DIRECTIONS FOR THIS TASK: From the line containing "acyclic (arrows_on b (Fplus" to the last line of the records below, repeat every line exactly and add nothing else.

RECORDS FOR THIS EXERCISE section start

(* Let $Q$ be an ice fork with point of return $r$, let $j\neq r$ be a mutable vertex, and let $k\ne j$ be another mutable vertex. If $k$ is red or green in $Q$, then $k$ is red or green in $\mu_j(Q)$.
   Context: A quiver is a finite directed multigraph with no loops and no oriented 2-cycles, whose vertex set is partitioned into mutable and frozen vertices; arrows between two frozen vertices are ignored. $b_{ik}$ = number of arrows $i\to k$ minus number of arrows $k\to i$; $Q|_S$ is the induced subquiver on $S$; $[n]$ is the set of mutable vertices. Mutation $\mu_j$ at mutable $j$: for each path $i\to j\to k$ add $b_{ij}b_{jk}$ arrows $i\to k$, reverse all arrows at $j$, cancel 2-cycles. Abundant: at least 2 arrows between every pair of vertices at least one of which is mutable. $F^+(r)=\{i: r\to i\}$, $F^-(r)=\{j:j\to r\}$. A fork is an abundant non-acyclic quiver with at most one frozen vertex and a vertex $r$ (point of return) such that $b_{ij}>b_{ri}$ and $b_{ij}>b_{jr}$ for all $i\in F^+(r),j\in F^-(r)$, and the subquivers induced on $F^+(r)$ and $F^-(r)$ are acyclic. An ice fork with point of return $r$ is a quiver with mutable vertices $[n]$ and frozen vertices $u_1,\dots,u_m$ ($m\ge1$) such that each $Q|_{[n]\cup\{u_i\}}$ is a fork with point of return $r$. A mutable vertex adjacent to at least one frozen vertex is red (resp. green) if all arrows between it and frozen vertices point towards (resp. away from) it. *)

theory Defs
  imports Main
begin

text \<open>A quiver with mutable vertex set M and frozen vertex set F is encoded by its
  (skew-symmetric) exchange matrix b, where b i k = #arrows i->k minus #arrows k->i.
  Since there are no oriented 2-cycles, b determines the quiver. Arrows between two
  frozen vertices are ignored (b is 0 there).\<close>

definition is_quiver :: "'v set \<Rightarrow> 'v set \<Rightarrow> ('v \<Rightarrow> 'v \<Rightarrow> int) \<Rightarrow> bool" where
  "is_quiver M F b \<longleftrightarrow> finite M \<and> finite F \<and> M \<inter> F = {} \<and>
     (\<forall>i k. b i k = - b k i) \<and>
     (\<forall>i k. i \<notin> M \<union> F \<longrightarrow> b i k = 0) \<and>
     (\<forall>i k. i \<in> F \<and> k \<in> F \<longrightarrow> b i k = 0)"

definition restrict_b :: "('v \<Rightarrow> 'v \<Rightarrow> int) \<Rightarrow> 'v set \<Rightarrow> 'v \<Rightarrow> 'v \<Rightarrow> int" where
  "restrict_b b S i k = (if i \<in> S \<and> k \<in> S then b i k else 0)"

definition arrows_on :: "('v \<Rightarrow> 'v \<Rightarrow> int) \<Rightarrow> 'v set \<Rightarrow> ('v \<times> 'v) set" where
  "arrows_on b S = {(i, k). i \<in> S \<and> k \<in> S \<and> b i k > 0}"

definition abundant :: "'v set \<Rightarrow> 'v set \<Rightarrow> ('v \<Rightarrow> 'v \<Rightarrow> int) \<Rightarrow> bool" where
  "abundant M F b \<longleftrightarrow> (\<forall>i \<in> M \<union> F. \<forall>k \<in> M \<union> F. i \<noteq> k \<and> (i \<in> M \<or> k \<in> M) \<longrightarrow> \<bar>b i k\<bar> \<ge> 2)"

definition Fplus :: "'v set \<Rightarrow> 'v set \<Rightarrow> ('v \<Rightarrow> 'v \<Rightarrow> int) \<Rightarrow> 'v \<Rightarrow> 'v set" where
  "Fplus M F b r = {i \<in> M \<union> F. b r i > 0}"

definition Fminus :: "'v set \<Rightarrow> 'v set \<Rightarrow> ('v \<Rightarrow> 'v \<Rightarrow> int) \<Rightarrow> 'v \<Rightarrow> 'v set" where
  "Fminus M F b r = {j \<in> M \<union> F. b j r > 0}"

definition is_fork :: "'v set \<Rightarrow> 'v set \<Rightarrow> ('v \<Rightarrow> 'v \<Rightarrow> int) \<Rightarrow> 'v \<Rightarrow> bool" where
  "is_fork M F b r \<longleftrightarrow> is_quiver M F b \<and> abundant M F b \<and>
     \<not> acyclic (arrows_on b (M \<union> F)) \<and> card F \<le> 1 \<and> r \<in> M \<union> F \<and>
     (\<forall>i \<in> Fplus M F b r. \<forall>j \<in> Fminus M F b r. b i j > b r i \<and> b i j > b j r) \<and>
     acyclic (arrows_on b (Fplus M F b r)) \<and> acyclic (arrows_on b (Fminus M F b r))"

definition is_ice_fork :: "'v set \<Rightarrow> 'v set \<Rightarrow> ('v \<Rightarrow> 'v \<Rightarrow> int) \<Rightarrow> 'v \<Rightarrow> bool" where
  "is_ice_fork M F b r \<longleftrightarrow> is_quiver M F b \<and> F \<noteq> {} \<and>
     (\<forall>u \<in> F. is_fork M {u} (restrict_b b (M \<union> {u})) r)"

RECORDS FOR THIS EXERCISE section end

WRITTEN ANSWER:
     acyclic (arrows_on b (Fplus M F b r)) \<and> acyclic (arrows_on b (Fminus M F b r))"

definition is_ice_fork :: "'v set \<Rightarrow> 'v set \<Rightarrow> ('v \<Rightarrow> 'v \<Rightarrow> int) \<Rightarrow> 'v \<Rightarrow> bool" where
  "is_ice_fork M F b r \<longleftrightarrow> is_quiver M F b \<and> F \<noteq> {} \<and>
     (\<forall>u \<in> F. is_fork M {u} (restrict_b b (M \<union> {u})) r)"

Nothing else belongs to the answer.